*About this task*:
Without leaving out a single line, restate the entries below exactly.

*Source material*:

::::

lemma step3_measurable [measurable]: "step3 a b c z1 z2 \<in> borel_measurable borel"
  unfolding step3_def by measurable

lemma integral_leb_step3:
  assumes "-1 \<le> z1" "z1 \<le> z2" "z2 \<le> 1"
  shows "integral\<^sup>L leb (step3 c1 c2 c3 z1 z2) = (z1 + 1) * c1 + (z2 - z1) * c2 + (1 - z2) * c3"
proof -
  let ?f = "\<lambda>x. c1 * indicator {-1..z1} x + c2 * indicator {z1..z2} x + c3 * indicator {z2..1} x"
  have integrable: "integrable leb (indicator {a..b} :: real \<Rightarrow> real)"
    if "-1 \<le> a" "a \<le> b" "b \<le> 1" for a b
    using that by (intro integrable_real_indicator)
      (auto simp: sets_restrict_space_iff emeasure_restrict_space)
  have "AE x in leb. step3 c1 c2 c3 z1 z2 x = ?f x"
    using AE_leb_neq[of z1] AE_leb_neq[of z2] AE_space[of leb]
    by eventually_elim (use assms in \<open>auto simp: indicator_def step3_def\<close>)
  then have "integral\<^sup>L leb (step3 c1 c2 c3 z1 z2) = integral\<^sup>L leb ?f"
    by (intro integral_cong_AE) (auto intro!: measurable_leb_of_borel)
  also have "\<dots> = c1 * measure leb {-1..z1} + c2 * measure leb {z1..z2} + c3 * measure leb {z2..1}"
    using integrable[of "-1" z1] integrable[of z1 z2] integrable[of z2 1] assms by simp
  finally show ?thesis
    using assms by (simp add: measure_leb_Icc algebra_simps)
qed

lemma integrable_zone:
  fixes w u :: "real \<Rightarrow> real"
  assumes [measurable]: "w \<in> borel_measurable leb" "u \<in> borel_measurable leb"
    and w: "\<And>x. x \<in> {-1..1} \<Longrightarrow> 0 \<le> w x \<and> w x \<le> 1"
    and u: "\<And>x. x \<in> {-1..1} \<Longrightarrow> 0 \<le> u x \<and> u x \<le> 1"
  shows "integrable leb w" "integrable leb (\<lambda>x. w x * u x)"
    "integrable leb (\<lambda>x. w x * sfun (u x))" "integrable leb (\<lambda>x. w x * gamma \<phi> (u x))"
proof -
  have *: "integrable leb (\<lambda>x. w x * f (u x))"
    if [measurable]: "f \<in> borel_measurable borel" and f: "\<And>r. 0 \<le> r \<Longrightarrow> r \<le> 1 \<Longrightarrow> \<bar>f r\<bar> \<le> B"
    for f and B :: real
  proof (rule integrable_leb_bounded[where B="\<bar>B\<bar>"])
    show "(\<lambda>x. w x * f (u x)) \<in> borel_measurable leb" by measurable
    fix x :: real assume "x \<in> {-1..1}"
    then have "\<bar>w x\<bar> * \<bar>f (u x)\<bar> \<le> 1 * \<bar>B\<bar>"
      using w u f by (intro mult_mono) force+
    then show "\<bar>w x * f (u x)\<bar> \<le> \<bar>B\<bar>" by (simp add: abs_mult)
  qed
  show "integrable leb w" "integrable leb (\<lambda>x. w x * u x)"
    "integrable leb (\<lambda>x. w x * sfun (u x))" "integrable leb (\<lambda>x. w x * gamma \<phi> (u x))"
    using *[of "\<lambda>_. 1" 1] *[of "\<lambda>r. r" 1] *[of sfun "ln 2"] *[of "gamma \<phi>" "\<bar>\<phi>\<bar> + softplus \<phi>"]
    by (auto simp: abs_sfun_le_ln2 abs_gamma_le)
qed

lemma integral_neg_sfun_le_mean:
  fixes w u :: "real \<Rightarrow> real"
  assumes [measurable]: "w \<in> borel_measurable leb" "u \<in> borel_measurable leb"
    and w: "\<And>x. x \<in> {-1..1} \<Longrightarrow> 0 \<le> w x \<and> w x \<le> 1"
    and u: "\<And>x. x \<in> {-1..1} \<Longrightarrow> 0 \<le> u x \<and> u x \<le> 1"
    and y: "0 \<le> y" "y \<le> 1" and mean: "integral\<^sup>L leb w * y = integral\<^sup>L leb (\<lambda>x. w x * u x)"
  shows "integral\<^sup>L leb (\<lambda>x. w x * - sfun (u x)) \<le> integral\<^sup>L leb w * - sfun y"
proof (rule le_neg_sfun_if_dual_bound[OF _ y])
  have [simp]: "integrable leb w" "integrable leb (\<lambda>x. w x * u x)" "integrable leb (\<lambda>x. w x * sfun (u x))"
    using integrable_zone[OF assms(1-4)] by simp_all
  show "0 \<le> integral\<^sup>L leb w"
    using w by (intro Bochner_Integration.integral_nonneg) auto
  fix t
  have "integral\<^sup>L leb (\<lambda>x. w x * - sfun (u x)) \<le> integral\<^sup>L leb (\<lambda>x. softplus t * w x - t * (w x * u x))"
  proof (rule integral_mono)
    fix x assume "x \<in> space leb"
    then show "w x * - sfun (u x) \<le> softplus t * w x - t * (w x * u x)"
      using sfun_ge_dual[of "u x" t] w[of x] u[of x] mult_left_mono[of "u x * t - softplus t" "sfun (u x)" "w x"]
      by (simp add: algebra_simps)
  qed simp_all
  also have "\<dots> = softplus t * integral\<^sup>L leb w - t * integral\<^sup>L leb (\<lambda>x. w x * u x)"
    by simp
  also have "\<dots> = integral\<^sup>L leb w * (softplus t - y * t)"
    unfolding mean[symmetric] by (simp add: algebra_simps)
  finally show "integral\<^sup>L leb (\<lambda>x. w x * - sfun (u x)) \<le> integral\<^sup>L leb w * (softplus t - y * t)" .
qed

::::

*Response area*:
lemma step3_measurable [measurable]: "step3 a b c z1 z2 \<in> borel_measurable borel"
  unfolding step3_def by measurable

lemma integral_leb_step3:
  assumes "-1 \<le> z1" "z1 \<le> z2" "z2 \<le> 1"
  shows "integral\<^sup>L leb (step3 c1 c2 c3 z1 z2) = (z1 + 1) * c1 + (z2 - z1) * c2 + (1 - z2) * c3"
proof -
  let ?f = "\<lambda>x. c1 * indicator {-1..z1} x + c2 * indicator {z1..z2} x + c3 * indicator {z2..1} x"
  have integrable: "integrable leb (indicator {a..b} :: real \<Rightarrow> real)"
    if "-1 \<le> a" "a \<le> b" "b \<le> 1" for a b
    using that by (intro integrable_real_indicator)
      (auto simp: sets_restrict_space_iff emeasure_restrict_space)
  have "AE x in leb. step3 c1 c2 c3 z1 z2 x = ?f x"
    using AE_leb_neq[of z1] AE_leb_neq[of z2] AE_space[of leb]
    by eventually_elim (use assms in \<open>auto simp: indicator_def step3_def\<close>)
  then have "integral\<^sup>L leb (step3 c1 c2 c3 z1 z2) = integral\<^sup>L leb ?f"
    by (intro integral_cong_AE) (auto intro!: measurable_leb_of_borel)
  also have "\<dots> = c1 * measure leb {-1..z1} + c2 * measure leb {z1..z2} + c3 * measure leb {z2..1}"
    using integrable[of "-1" z1] integrable[of z1 z2] integrable[of z2 1] assms by simp
  finally show ?thesis
    using assms by (simp add: measure_leb_Icc algebra_simps)
qed

lemma integrable_zone:
  fixes w u :: "real \<Rightarrow> real"
  assumes [measurable]: "w \<in> borel_measurable leb" "u \<in> borel_measurable leb"
    and w: "\<And>x. x \<in> {-1..1} \<Longrightarrow> 0 \<le> w x \<and> w x \<le> 1"
    and u: "\<And>x. x \<in> {-1..1} \<Longrightarrow> 0 \<le> u x \<and> u x \<le> 1"
  shows "integrable leb w" "integrable leb (\<lambda>x. w x * u x)"
    "integrable leb (\<lambda>x. w x * sfun (u x))" "integrable leb (\<lambda>x. w x * gamma \<phi> (u x))"
proof -
  have *: "integrable leb (\<lambda>x. w x * f (u x))"
    if [measurable]: "f \<in> borel_measurable borel" and f: "\<And>r. 0 \<le> r \<Longrightarrow> r \<le> 1 \<Longrightarrow> \<bar>f r\<bar> \<le> B"
    for f and B :: real
  proof (rule integrable_leb_bounded[where B="\<bar>B\<bar>"])
    show "(\<lambda>x. w x * f (u x)) \<in> borel_measurable leb" by measurable
    fix x :: real assume "x \<in> {-1..1}"
    then have "\<bar>w x\<bar> * \<bar>f (u x)\<bar> \<le> 1 * \<bar>B\<bar>"
      using w u f by (intro mult_mono) force+
    then show "\<bar>w x * f (u x)\<bar> \<le> \<bar>B\<bar>" by (simp add: abs_mult)
  qed
  show "integrable leb w" "integrable leb (\<lambda>x. w x * u x)"
    "integrable leb (\<lambda>x. w x * sfun (u x))" "integrable leb (\<lambda>x. w x * gamma \<phi> (u x))"
    using *[of "\<lambda>_. 1" 1] *[of "\<lambda>r. r" 1] *[of sfun "ln 2"] *[of "gamma \<phi>" "\<bar>\<phi>\<bar> + softplus \<phi>"]
    by (auto simp: abs_sfun_le_ln2 abs_gamma_le)
qed

lemma integral_neg_sfun_le_mean:
  fixes w u :: "real \<Rightarrow> real"
  assumes [measurable]: "w \<in> borel_measurable leb" "u \<in> borel_measurable leb"
    and w: "\<And>x. x \<in> {-1..1} \<Longrightarrow> 0 \<le> w x \<and> w x \<le> 1"
    and u: "\<And>x. x \<in> {-1..1} \<Longrightarrow> 0 \<le> u x \<and> u x \<le> 1"
    and y: "0 \<le> y" "y \<le> 1" and mean: "integral\<^sup>L leb w * y = integral\<^sup>L leb (\<lambda>x. w x * u x)"
  shows "integral\<^sup>L leb (\<lambda>x. w x * - sfun (u x)) \<le> integral\<^sup>L leb w * - sfun y"
proof (rule le_neg_sfun_if_dual_bound[OF _ y])
  have [simp]: "integrable leb w" "integrable leb (\<lambda>x. w x * u x)" "integrable leb (\<lambda>x. w x * sfun (u x))"
    using integrable_zone[OF assms(1-4)] by simp_all
  show "0 \<le> integral\<^sup>L leb w"
    using w by (intro Bochner_Integration.integral_nonneg) auto
  fix t
  have "integral\<^sup>L leb (\<lambda>x. w x * - sfun (u x)) \<le> integral\<^sup>L leb (\<lambda>x. softplus t * w x - t * (w x * u x))"
  proof (rule integral_mono)
    fix x assume "x \<in> space leb"
    then show "w x * - sfun (u x) \<le> softplus t * w x - t * (w x * u x)"
      using sfun_ge_dual[of "u x" t] w[of x] u[of x] mult_left_mono[of "u x * t - softplus t" "sfun (u x)" "w x"]
      by (simp add: algebra_simps)
  qed simp_all
  also have "\<dots> = softplus t * integral\<^sup>L leb w - t * integral\<^sup>L leb (\<lambda>x. w x * u x)"
    by simp
  also have "\<dots> = integral\<^sup>L leb w * (softplus t - y * t)"
    unfolding mean[symmetric] by (simp add: algebra_simps)
  finally show "integral\<^sup>L leb (\<lambda>x. w x * - sfun (u x)) \<le> integral\<^sup>L leb w * (softplus t - y * t)" .
qed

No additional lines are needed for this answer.